Vehicle Hire - dhs.2700++ a month depending on the car.
There are many many expat areas - will depend on where you work if you don't want to commute too much. And if you want a villa or apartment.
If you are looking to use public transport then look at areas next to the Metro Line. e;g Marina,Greens, Jumeirah Lake Towers. 
If you post the area you are working people will be able to advise you better.
Most newer apartment buildings have pool and gym.


----------



## Chocoholic (Oct 29, 2012)

To process your visa, they require everyone to have a medical test done, for new expats that includes a chest x-ray and also a blood test. Major things they're looking for are TB, HIV, Hep A&B.

With your financial commitments you need to find a bank that offers a free monthly standing order, I use HSBC for this.

Bear in mind all the big name banks have nothing to do with their international counterparts and standards vary wildly.

One thing you haven't stated is included in your package is health insurance. All companies have to at least provide their employees with a government health card if not private health coverage, so that's something you definitely need to discuss with them.

Oh and if you have any educational degrees you will need the certificates attested.


----------



## 1919 (Oct 16, 2012)

Thanks for your replies, appreciated. 

I'm a British citizen living in the UK. I have all my original certificates so hopefully that will help the process. 

Medical is provided for me and my Wife. She intends to work there too so once her visa is completed she can be on the hunt for work. 

I'm going to be working in silicon oasis but don't mind a commute to live in a nice area. 

Would like a 2 bed apartment but will go for a 1 bed in the right area. 

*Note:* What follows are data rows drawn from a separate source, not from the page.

(* Let $\alpha_1,\alpha_2>0$ satisfy $\alpha_1-\alpha_2\ge \sqrt{2}\,e$. Let $p$ be analytic in $\mathbb{D}$ with $p(0)=1$. If $$1+\alpha_1 zp'(z)+\alpha_2 z^2p''(z)\prec z+\sqrt{1+z^2},$$ then $p(z)\prec e^z$.
   Context: $\mathbb{D}$ is the open unit disk. For $g,h$ analytic in $\mathbb{D}$, $g\prec h$ means there is an analytic $w:\mathbb{D}\to\mathbb{D}$ with $w(0)=0$ and $g=h\circ w$. $\sqrt{1+z^2}$ is the branch analytic in $\mathbb{D}$ with value $1$ at $0$. *)

theory Defs
  imports "HOL-Complex_Analysis.Complex_Analysis"
begin

definition subordinate :: "(complex \<Rightarrow> complex) \<Rightarrow> (complex \<Rightarrow> complex) \<Rightarrow> bool" where
  "subordinate g h \<longleftrightarrow>
     (\<exists>w. w holomorphic_on ball 0 1 \<and> w ` ball 0 1 \<subseteq> ball 0 1 \<and> w 0 = 0 \<and>
          (\<forall>z\<in>ball 0 1. g z = h (w z)))"

end

theory Submission
  imports Defs
begin

text \<open>Write \<open>w\<close> for the Schwarz function of the hypothesis. Since
\<open>|w z| \<le> |z|\<close> and \<open>|csqrt (1 + u\<^sup>2) - 1| \<le> |u|\<^sup>2\<close>, the operator
\<open>G = \<alpha>\<^sub>1 z p' + \<alpha>\<^sub>2 z\<^sup>2 p''\<close> satisfies \<open>|G z| \<le> 2|z|\<close>. With \<open>r = z p'\<close> and
\<open>\<beta> = (\<alpha>\<^sub>1 - \<alpha>\<^sub>2)/\<alpha>\<^sub>2\<close> one has \<open>z r' + \<beta> r = G/\<alpha>\<^sub>2\<close>, and integrating
\<open>d/dt (t\<^sup>\<beta> r(t z))\<close> along the radius gives \<open>|r z| \<le> 2|z|/\<alpha>\<^sub>1\<close>; one more radial
integration gives \<open>|p z - 1| \<le> 2|z|/\<alpha>\<^sub>1 < 1 - 1/e\<close>. Finally
\<open>|Ln (1 + \<epsilon>)| \<le> -ln (1 - |\<epsilon>|) < 1\<close>, so \<open>Ln \<circ> p\<close> is the Schwarz function
exhibiting \<open>p \<prec> exp\<close>.\<close>

lemma of_real_mult_mem_unit_ball:
  assumes "z \<in> ball 0 1" "0 \<le> t" "t \<le> 1"
  shows "of_real t * z \<in> ball (0::complex) 1"
  using assms by (auto simp: norm_mult intro: le_less_trans[OF mult_left_le_one_le])

lemma continuous_on_radial:
  assumes "f holomorphic_on ball 0 1" "z \<in> ball 0 1"
  shows "continuous_on {0..1} (\<lambda>t. f (of_real t * z))"
proof -
  have "continuous_on (ball 0 1) f"
    using assms(1) holomorphic_on_imp_continuous_on by blast
  moreover have "continuous_on {0..1} (\<lambda>t::real. of_real t * z)"
    by (intro continuous_intros)
  ultimately show ?thesis
    using of_real_mult_mem_unit_ball[OF assms(2)] by (auto intro: continuous_on_compose2)
qed

lemma has_vector_derivative_radial:
  assumes "f holomorphic_on ball 0 1" "z \<in> ball 0 1" "0 \<le> t" "t \<le> 1"
  shows "((\<lambda>t. f (of_real t * z)) has_vector_derivative z * deriv f (of_real t * z)) (at t)"
proof -
  have "(f has_field_derivative deriv f (of_real t * z)) (at (of_real t * z))"
    using holomorphic_derivI[OF assms(1) open_ball of_real_mult_mem_unit_ball[OF assms(2-4)]] .
  then have "((\<lambda>c. f (c * z)) has_field_derivative deriv f (of_real t * z) * z) (at (of_real t))"
    by (auto intro!: derivative_eq_intros DERIV_chain2[where f=f])
  then show ?thesis
    using has_vector_derivative_real_field by (fastforce simp: mult.commute)
qed

lemma norm_sub_le_radial_comparison:
  fixes f :: "complex \<Rightarrow> complex" and \<phi> \<phi>' :: "real \<Rightarrow> real"
  assumes "f holomorphic_on ball 0 1" "z \<in> ball 0 1" "continuous_on {0..1} \<phi>"
    and "\<And>t. 0 < t \<Longrightarrow> t < 1 \<Longrightarrow> (\<phi> has_real_derivative \<phi>' t) (at t)"
    and "\<And>t. 0 < t \<Longrightarrow> t < 1 \<Longrightarrow> norm (z * deriv f (of_real t * z)) \<le> \<phi>' t"
  shows "norm (f z - f 0) \<le> \<phi> 1 - \<phi> 0"
  using differentiable_bound_general[of 0 1 "\<lambda>t. f (of_real t * z)" \<phi>
      "\<lambda>t. z * deriv f (of_real t * z)" \<phi>']
    assms continuous_on_radial has_vector_derivative_radial
  by (simp add: has_real_derivative_iff_has_vector_derivative)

Don't really want to spend much more than 80000 pa on accommodation so might struggle with a 2 bed?

Will probably go with HSBC to be honest. How do they go about credit checks over there and is it linked to the UK. Not that mine is bad, just out of curiosity. 

Thanks again


----------



## Chocoholic (Oct 29, 2012)

Nope not linked to the UK at all, as I said earlier big name banks in the UAE have ZERO to do with their international counterparts.

You will still need to get your certificates attested, you can do that from here using a company like INDEX who will do all the running about for you.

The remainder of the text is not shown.